lemma qfactor_False_Suc_add: "qfactor (Suc p) False + qfactor p False = monom 1 p"
proof -
  have "qfactor (Suc p) False = monom 1 p + (\<Sum>b<p. monom ((-1) ^ (p - b)) b)"
    by (simp add: qfactor_def)
  moreover have "(\<Sum>b<p. monom ((-1) ^ (p - b)) b) = - qfactor p False"
  proof -
    have "monom ((-1) ^ (p - b)) b = - monom ((-1 :: real) ^ (p - 1 - b)) b" if "b < p" for b
    proof -
      have "p - b = Suc (p - 1 - b)"
        using that by arith
      then show ?thesis
        by (simp add: minus_monom)
    qed
    then show ?thesis
      unfolding qfactor_def by (simp add: sum_negf[symmetric])
  qed
  ultimately show ?thesis
    by simp
qed

(* A series in x over R[[w]], so w is fps_const fps_X; the coefficient of x^p is the factor of a
   gap of length p. *)
definition gap_series :: "bool \<Rightarrow> real fps fps" where
  "gap_series b = Abs_fps (\<lambda>p. if p = 0 then 0 else fps_of_poly (qfactor p b))"

lemma gap_series_False_nth: "gap_series False $ p = fps_of_poly (qfactor p False)"
  by (simp add: gap_series_def)

lemma one_plus_X_mult_gap_series_False:
  "(1 + fps_X) * gap_series False = fps_X * Abs_fps (\<lambda>n. fps_X ^ n)"
proof (rule fps_ext)
  fix n
  show "((1 + fps_X) * gap_series False) $ n = (fps_X * Abs_fps (\<lambda>n. fps_X ^ n)) $ n"
  proof (cases n)
    case (Suc m)
    have "((1 + fps_X) * gap_series False) $ n
        = fps_of_poly (qfactor (Suc m) False + qfactor m False)"
      by (simp add: Suc distrib_right gap_series_False_nth fps_of_poly_add)
    then show ?thesis
      by (simp add: Suc qfactor_False_Suc_add fps_of_poly_monom')
  qed (simp add: gap_series_False_nth distrib_right)
qed

lemma gap_series_True: "gap_series True = gap_series False + Abs_fps (\<lambda>n. (-1) ^ n) - 1"
  by (rule fps_ext)
    (simp add: gap_series_def qfactor_True fps_of_poly_add fps_of_poly_const poly_const_pow)

lemma gap_series_False_closed_form:
  "(1 - fps_const fps_X * fps_X) * (1 + fps_X) * gap_series False = fps_X"
  using fps_geometric_mult[of "fps_X :: real fps"]
  by (simp add: mult.assoc one_plus_X_mult_gap_series_False mult.left_commute[of _ fps_X])
lemma sum_sum_weighted_le:
  fixes P Q l :: "nat \<Rightarrow> nat \<Rightarrow> real"
  assumes "\<And>j k. j < m \<Longrightarrow> k < m \<Longrightarrow> \<bar>l j k\<bar> \<le> L"
  shows "(\<Sum>j<m. \<Sum>k<m. P j k * l j k)
           \<le> (\<Sum>j<m. \<Sum>k<m. Q j k * l j k) + L * (\<Sum>j<m. \<Sum>k<m. \<bar>P j k - Q j k\<bar>)"
proof -
  have "P j k * l j k \<le> Q j k * l j k + L * \<bar>P j k - Q j k\<bar>" if "j < m" "k < m" for j k
  proof -
    have "\<bar>(P j k - Q j k) * l j k\<bar> \<le> \<bar>P j k - Q j k\<bar> * L"
      unfolding abs_mult using assms[OF that] by (intro mult_left_mono) auto
    then show ?thesis by (simp add: algebra_simps abs_le_iff)
  qed
  then have "(\<Sum>j<m. \<Sum>k<m. P j k * l j k) \<le> (\<Sum>j<m. \<Sum>k<m. Q j k * l j k + L * \<bar>P j k - Q j k\<bar>)"
    by (intro sum_mono) auto
  then show ?thesis by (simp add: sum.distrib sum_distrib_left)
qed

text \<open>Compare Q with a coupling of a and b that is close to it in total variation.\<close>
lemma plan_cost_ge_near_marginals:
  fixes Q w :: "nat \<Rightarrow> nat \<Rightarrow> real" and a b :: "nat \<Rightarrow> real"
  assumes Q0: "\<And>j k. 0 \<le> Q j k" and sQ: "(\<Sum>j<m. \<Sum>k<m. Q j k) = 1"
    and a0: "\<And>j. 0 \<le> a j" and b0: "\<And>k. 0 \<le> b k"
    and sa: "(\<Sum>j<m. a j) = 1" and sb: "(\<Sum>k<m. b k) = 1"
    and w: "\<And>j k. j < m \<Longrightarrow> k < m \<Longrightarrow> \<bar>w j k - K\<bar> \<le> L"
    and W: "\<And>P. discrete_coupling m a b P \<Longrightarrow> W \<le> (\<Sum>j<m. \<Sum>k<m. P j k * w j k)"
  shows "W - K - 2 * L * ((\<Sum>j<m. \<bar>(\<Sum>k<m. Q j k) - a j\<bar>) + (\<Sum>k<m. \<bar>(\<Sum>j<m. Q j k) - b k\<bar>))
           \<le> (\<Sum>j<m. \<Sum>k<m. Q j k * (w j k - K))"
proof -
  define err where "err = (\<Sum>j<m. \<bar>(\<Sum>k<m. Q j k) - a j\<bar>) + (\<Sum>k<m. \<bar>(\<Sum>j<m. Q j k) - b k\<bar>)"
  obtain P where P: "discrete_coupling m a b P"
    and near: "(\<Sum>j<m. \<Sum>k<m. \<bar>P j k - Q j k\<bar>) \<le> 2 * err"
    unfolding err_def using exists_coupling_near[of Q a b m, OF Q0 a0 b0 sa sb sQ] by blast
  have "m \<noteq> 0" using sa by (intro notI) simp
  then have L0: "0 \<le> L" using w[of 0 0] by simp
  have "(\<Sum>j<m. \<Sum>k<m. P j k) = 1" using P sa unfolding discrete_coupling_def by simp
  have "(\<Sum>j<m. \<Sum>k<m. P j k * (w j k - K)) = (\<Sum>j<m. \<Sum>k<m. P j k * w j k - K * P j k)"
    by (intro sum.cong refl) (simp add: algebra_simps)
  also have "\<dots> = (\<Sum>j<m. \<Sum>k<m. P j k * w j k) - K"
    using \<open>(\<Sum>j<m. \<Sum>k<m. P j k) = 1\<close> by (simp only: sum_subtractf sum_distrib_left[symmetric])
  finally have "W - K \<le> (\<Sum>j<m. \<Sum>k<m. P j k * (w j k - K))" using W[OF P] by simp
  also have "\<dots> \<le> (\<Sum>j<m. \<Sum>k<m. Q j k * (w j k - K)) + L * (\<Sum>j<m. \<Sum>k<m. \<bar>P j k - Q j k\<bar>)"
    using w by (rule sum_sum_weighted_le)
  also have "\<dots> \<le> (\<Sum>j<m. \<Sum>k<m. Q j k * (w j k - K)) + L * (2 * err)"
    using near L0 by (intro add_left_mono mult_left_mono)
  also have "\<dots> = (\<Sum>j<m. \<Sum>k<m. Q j k * (w j k - K)) + 2 * L * err"
    by (simp only: mult.left_commute[of L] mult.assoc)
  finally show ?thesis unfolding err_def diff_le_eq .
qed

locale cell_partition =
  fixes \<Omega> :: "'a::metric_space set" and A :: "nat \<Rightarrow> 'a set" and m :: nat
  assumes cell_disjoint: "\<And>j k. j \<noteq> k \<Longrightarrow> A j \<inter> A k = {}"
    and cells_cover: "\<Omega> \<subseteq> (\<Union>j<m. A j)"
    and cell_subset: "\<And>j. A j \<subseteq> \<Omega>"
    and cell_borel: "\<And>j. A j \<in> sets borel"
begin

lemma Union_cells: "(\<Union>j<m. A j) = \<Omega>"
  using cells_cover cell_subset by blast

lemma disjoint_family_cells_Int: "disjoint_family_on (\<lambda>j. A j \<inter> B) {..<m}"
  using cell_disjoint by (auto simp: disjoint_family_on_def)

lemma sum_indicator_cells:
  assumes "x \<in> \<Omega>"
  shows "(\<Sum>j<m. indicator (A j) x) = (1::real)"
proof -
  obtain j0 where j0: "j0 < m" "x \<in> A j0" using assms cells_cover by auto
  have "(\<Sum>j<m. indicator (A j) x) = (\<Sum>j\<in>{j0}. indicator (A j) x :: real)"
    using cell_disjoint j0 by (intro sum.mono_neutral_right) (auto simp: indicator_def)
  then show ?thesis using j0 by simp
qed

definition cell_freq :: "(nat \<Rightarrow> 'a) \<Rightarrow> nat \<Rightarrow> nat \<Rightarrow> real" where
  "cell_freq z n j = (\<Sum>i<n. indicator (A j) (z i)) / real n"

definition transition_freq :: "(nat \<Rightarrow> 'a) \<Rightarrow> (nat \<Rightarrow> 'a) \<Rightarrow> nat \<Rightarrow> (nat \<Rightarrow> nat) \<Rightarrow> nat \<Rightarrow> nat \<Rightarrow> real" where
  "transition_freq x y n \<sigma> j k =
     (\<Sum>t<n. indicator (A j) (y (\<sigma> t)) * indicator (A k) (x (\<sigma> ((t + 1) mod n)))) / real n"

lemma transition_freq_nonneg: "0 \<le> transition_freq x y n \<sigma> j k"
  unfolding transition_freq_def by (intro divide_nonneg_nonneg sum_nonneg) auto

lemma transition_freq_row_sum:
  assumes "\<sigma> permutes {..<n}" and "\<And>i. x i \<in> \<Omega>"
  shows "(\<Sum>k<m. transition_freq x y n \<sigma> j k) = cell_freq y n j"
proof -
  have "(\<Sum>k<m. transition_freq x y n \<sigma> j k)
      = (\<Sum>t<n. indicator (A j) (y (\<sigma> t)) * (\<Sum>k<m. indicator (A k) (x (\<sigma> ((t + 1) mod n))))) / n"
    unfolding transition_freq_def sum_divide_distrib[symmetric] sum_distrib_left
    by (subst sum.swap) (rule refl)
  also have "\<dots> = (\<Sum>t<n. indicator (A j) (y (\<sigma> t))) / n"
    using sum_indicator_cells assms(2) by simp
  also have "\<dots> = cell_freq y n j"
    unfolding cell_freq_def using sum.permute[OF assms(1), of "\<lambda>i. indicator (A j) (y i) :: real"]
    by (simp add: o_def)
  finally show ?thesis .
qed

lemma transition_freq_col_sum:
  assumes "\<sigma> permutes {..<n}" and "\<And>i. y i \<in> \<Omega>"
  shows "(\<Sum>j<m. transition_freq x y n \<sigma> j k) = cell_freq x n k"
proof -
  have "(\<Sum>j<m. transition_freq x y n \<sigma> j k)
      = (\<Sum>t<n. (\<Sum>j<m. indicator (A j) (y (\<sigma> t))) * indicator (A k) (x (\<sigma> ((t + 1) mod n)))) / n"
    unfolding transition_freq_def sum_divide_distrib[symmetric] sum_distrib_right
    by (subst sum.swap) (rule refl)
  also have "\<dots> = (\<Sum>t<n. indicator (A k) (x (\<sigma> ((t + 1) mod n)))) / n"
    using sum_indicator_cells assms(2) by simp
  also have "\<dots> = cell_freq x n k"
    unfolding cell_freq_def sum_cyclic_shift[of "\<lambda>i. indicator (A k) (x (\<sigma> i))" n]
    using sum.permute[OF assms(1), of "\<lambda>i. indicator (A k) (x i) :: real"] by (simp add: o_def)
  finally show ?thesis .
qed
lemma P_low_limit: "P_low l n * limit * P_low l n = limit"
proof (rule eq_matI)
  have P: "diagonal_mat (P_low l n)" "P_low l n \<in> carrier_mat (n+1) (n+1)"
    by (auto simp: P_low_def diagonal_mat_def)
  fix i j assume "i < dim_row limit" "j < dim_col limit"
  then have ij: "i < n+1" "j < n+1"
    using limit_carrier by auto
  have "(P_low l n * limit * P_low l n) $$ (i,j) = (P_low l n * limit) $$ (i,j) * P_low l n $$ (j,j)"
    by (rule index_mult_diagonal_mat_right[OF P]) (use ij limit_carrier in \<open>auto simp: P_low_def\<close>)
  also have "(P_low l n * limit) $$ (i,j) = P_low l n $$ (i,i) * limit $$ (i,j)"
    by (rule index_mult_diagonal_mat_left[OF P]) (use ij limit_carrier in auto)
  finally show "(P_low l n * limit * P_low l n) $$ (i,j) = limit $$ (i,j)"
    using ij by (simp add: P_low_def limit_def)
qed (use limit_carrier in \<open>auto simp: P_low_def\<close>)

end

theorem mainTheorem11:
  fixes l n :: nat and dt :: real and \<rho>0 :: "complex mat"
  assumes "l \<ge> 1" and "dt > 0" and "dt * c_coef l n < 2"
    and "\<rho>0 \<in> carrier_mat (n+1) (n+1)"
  shows "\<exists>\<rho>inf \<in> carrier_mat (n+1) (n+1).
           P_low l n * \<rho>inf * P_low l n = \<rho>inf \<and>
           (\<exists>C r. 0 \<le> r \<and> r < 1 \<and>
              (\<forall>p i j. i < n+1 \<longrightarrow> j < n+1 \<longrightarrow>
                 cmod (((euler1 l n dt ^^ p) \<rho>0 - \<rho>inf) $$ (i,j)) \<le> C * r ^ p))"
proof -
  interpret euler1_iteration l n dt \<rho>0
    using assms by unfold_locales auto
  have "converges_geometrically rate (entry (fst q) (snd q)) (limit $$ q)"
    if "q \<in> {..<n+1} \<times> {..<n+1}" for q
    using that entry_converges_to_limit by auto
  then obtain C where C: "\<forall>q \<in> {..<n+1} \<times> {..<n+1}. \<forall>p.
      cmod (entry (fst q) (snd q) p - limit $$ q) \<le> C * rate ^ p"
    using converges_geometrically_uniform[where x = "\<lambda>q. entry (fst q) (snd q)"
        and L = "\<lambda>q. limit $$ q" and S = "{..<n+1} \<times> {..<n+1}"] rate_bounds
    by blast
  have "cmod (((euler1 l n dt ^^ p) \<rho>0 - limit) $$ (i,j)) \<le> C * rate ^ p"
    if "i < n+1" "j < n+1" for p i j
    using C that iterate_carrier[of p] limit_carrier by (auto simp: entry_def)
  then show ?thesis
    using limit_carrier P_low_limit rate_bounds by blast
qed
(* Fix an integer $\alpha\ge 1$. Then $$\lim_{n\to\infty}\frac{\lambda_{n,\alpha}}{n}=\frac{1}{\alpha}.$$
   Context: All graphs are finite and simple. For a graph $G$, $\lambda(G)$ denotes the spectral radius (largest eigenvalue) of its adjacency matrix, and $\alpha(G)$ denotes its independence number. For integers $n\ge \alpha\ge 1$, $\mathcal{G}_{n,\alpha}$ is the set of all connected graphs of order $n$ with independence number $\alpha$, and $\lambda_{n,\alpha}=\min\{\lambda(G): G\in\mathcal{G}_{n,\alpha}\}$. *)

theory Defs
  imports Complex_Main
begin

definition simple_graph :: "nat \<Rightarrow> (nat \<Rightarrow> nat \<Rightarrow> bool) \<Rightarrow> bool" where
  "simple_graph n E \<longleftrightarrow>
     (\<forall>i j. E i j \<longrightarrow> i < n \<and> j < n) \<and>
     (\<forall>i j. E i j \<longrightarrow> E j i) \<and>
     (\<forall>i. \<not> E i i)"

definition graph_connected :: "nat \<Rightarrow> (nat \<Rightarrow> nat \<Rightarrow> bool) \<Rightarrow> bool" where
  "graph_connected n E \<longleftrightarrow> n \<ge> 1 \<and> (\<forall>i<n. \<forall>j<n. E\<^sup>*\<^sup>* i j)"

definition independent_set :: "nat \<Rightarrow> (nat \<Rightarrow> nat \<Rightarrow> bool) \<Rightarrow> nat set \<Rightarrow> bool" where
  "independent_set n E S \<longleftrightarrow> S \<subseteq> {0..<n} \<and> (\<forall>i\<in>S. \<forall>j\<in>S. \<not> E i j)"

definition independence_number :: "nat \<Rightarrow> (nat \<Rightarrow> nat \<Rightarrow> bool) \<Rightarrow> nat" where
  "independence_number n E = Max (card ` {S. independent_set n E S})"

definition adj :: "(nat \<Rightarrow> nat \<Rightarrow> bool) \<Rightarrow> nat \<Rightarrow> nat \<Rightarrow> real" where
  "adj E i j = (if E i j then 1 else 0)"

definition adj_eigenvalue :: "nat \<Rightarrow> (nat \<Rightarrow> nat \<Rightarrow> bool) \<Rightarrow> real \<Rightarrow> bool" where
  "adj_eigenvalue n E \<mu> \<longleftrightarrow>
     (\<exists>v :: nat \<Rightarrow> real. (\<exists>i<n. v i \<noteq> 0) \<and>
        (\<forall>i<n. (\<Sum>j<n. adj E i j * v j) = \<mu> * v i))"

definition spectral_radius_graph :: "nat \<Rightarrow> (nat \<Rightarrow> nat \<Rightarrow> bool) \<Rightarrow> real" where
  "spectral_radius_graph n E = Max {\<mu>. adj_eigenvalue n E \<mu>}"

definition lambda_min :: "nat \<Rightarrow> nat \<Rightarrow> real" where
  "lambda_min n a = Inf {spectral_radius_graph n E | E.
       simple_graph n E \<and> graph_connected n E \<and> independence_number n E = a}"

end

(*
  Lower bound: the Rayleigh quotient of the all-ones vector shows that the spectral radius is at
  least the average degree d, and a greedy argument (delete a vertex of minimum degree together
  with its neighbours, which lowers the independence number) gives n^2 <= alpha * n * (d + 1),
  so lambda >= n/alpha - 1.
  Upper bound: split the vertices into the alpha residue classes mod alpha, make each class a
  clique and join the classes by the path 0 - 1 - ... - (alpha - 1).  This connected graph has
  independence number alpha and maximum degree at most n/alpha + 3, which bounds its spectral
  radius.
*)
theory Submission
  imports Defs "HOL-Analysis.Analysis" "Jordan_Normal_Form.Char_Poly"
begin
(* Let $\Gamma=(V,E)$ be a connected locally finite graph with root $o$, let $\lambda>1$, and let $(Z_n)$ be the $\lambda$-homesick random walk on $(\Gamma,o)$, assumed recurrent. Let $\rho_0=0$ and $\rho_k=\inf\{n>\rho_{k-1}:Z_n=o\}$. Then for every $0<c<1$ and every integer $k\ge\left(\frac{5(\lambda-1)}{\deg o}\right)^{1/c}$, \[\Pr\Big(|\mathrm{range}(Z_{\rho_k})|\le\frac N4\Big)\le e^{-N/8},\qquad\text{where } N=\min\Big\{\big|B_{\frac{c\log k}{\log\lambda}}\big|,\Big\lfloor\frac{\lambda-1}{\deg o}k^{1-c}\Big\rfloor\Big\}.\]
   Context: The $\lambda$-homesick random walk on $(\Gamma,o)$: $Z_0=o$; from a vertex $v$, letting $v_1,\dots,v_j$ be the neighbors with $\mathrm{dist}(o,v_i)=\mathrm{dist}(o,v)-1$ and $v'_1,\dots,v'_k$ the other neighbors, the walk moves to each $v_i$ with probability $\frac{\lambda}{\lambda j+k}$ and to each $v'_i$ with probability $\frac{1}{\lambda j+k}$. $B_r=\{v\in V:\mathrm{dist}(o,v)\le r\}$ for real $r\ge0$ (so $B_r=B_{\lfloor r\rfloor}$). $\mathrm{range}(Z_n)=\{Z_0,\dots,Z_n\}$. *)

theory Defs
  imports "HOL-Probability.Probability"
begin

text \<open>A graph is given by an adjacency relation on the vertex type 'a
  (all elements of 'a are vertices).\<close>

definition simple_graph :: "('a \<Rightarrow> 'a \<Rightarrow> bool) \<Rightarrow> bool" where
  "simple_graph adj \<longleftrightarrow> (\<forall>v w. adj v w \<longrightarrow> adj w v) \<and> (\<forall>v. \<not> adj v v)"

definition locally_finite :: "('a \<Rightarrow> 'a \<Rightarrow> bool) \<Rightarrow> bool" where
  "locally_finite adj \<longleftrightarrow> (\<forall>v. finite {w. adj v w})"

definition graph_connected :: "('a \<Rightarrow> 'a \<Rightarrow> bool) \<Rightarrow> bool" where
  "graph_connected adj \<longleftrightarrow> (\<forall>v w. adj\<^sup>*\<^sup>* v w)"

definition gdeg :: "('a \<Rightarrow> 'a \<Rightarrow> bool) \<Rightarrow> 'a \<Rightarrow> nat" where
  "gdeg adj v = card {w. adj v w}"

definition gdist :: "('a \<Rightarrow> 'a \<Rightarrow> bool) \<Rightarrow> 'a \<Rightarrow> 'a \<Rightarrow> nat" where
  "gdist adj v w = (LEAST n. (adj ^^ n) v w)"

definition ball_graph :: "('a \<Rightarrow> 'a \<Rightarrow> bool) \<Rightarrow> 'a \<Rightarrow> real \<Rightarrow> 'a set" where
  "ball_graph adj o' r = {v. real (gdist adj o' v) \<le> r}"

definition homesick_p :: "('a \<Rightarrow> 'a \<Rightarrow> bool) \<Rightarrow> 'a \<Rightarrow> real \<Rightarrow> 'a \<Rightarrow> 'a \<Rightarrow> real" where
  "homesick_p adj o' lam v w =
     (let down = {u. adj v u \<and> gdist adj o' u + 1 = gdist adj o' v};
          j = card down;
          k = card {u. adj v u} - j
      in if adj v w then (if w \<in> down then lam else 1) / (lam * real j + real k) else 0)"

text \<open>Z is (a realisation of) the lambda-homesick random walk on (adj,o) on the
  probability space M: Z_0 = o and the finite-dimensional distributions are
  those of the Markov chain with transition probabilities homesick_p.\<close>
definition is_homesick_walk ::
  "'w measure \<Rightarrow> ('a \<Rightarrow> 'a \<Rightarrow> bool) \<Rightarrow> 'a \<Rightarrow> real \<Rightarrow> (nat \<Rightarrow> 'w \<Rightarrow> 'a) \<Rightarrow> bool" where
  "is_homesick_walk M adj o' lam Z \<longleftrightarrow>
     prob_space M \<and>
     (\<forall>i. Z i \<in> measurable M (count_space UNIV)) \<and>
     (\<forall>n (f :: nat \<Rightarrow> 'a).
        measure M {\<omega> \<in> space M. \<forall>i\<le>n. Z i \<omega> = f i} =
          (if f 0 = o' then (\<Prod>i<n. homesick_p adj o' lam (f i) (f (Suc i))) else 0))"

---

TASK DETAILS ▸ Scan the data above, please, and give the number of lines where the word "assoc" occurs, with no further text.

TASK RESULT ▸ 2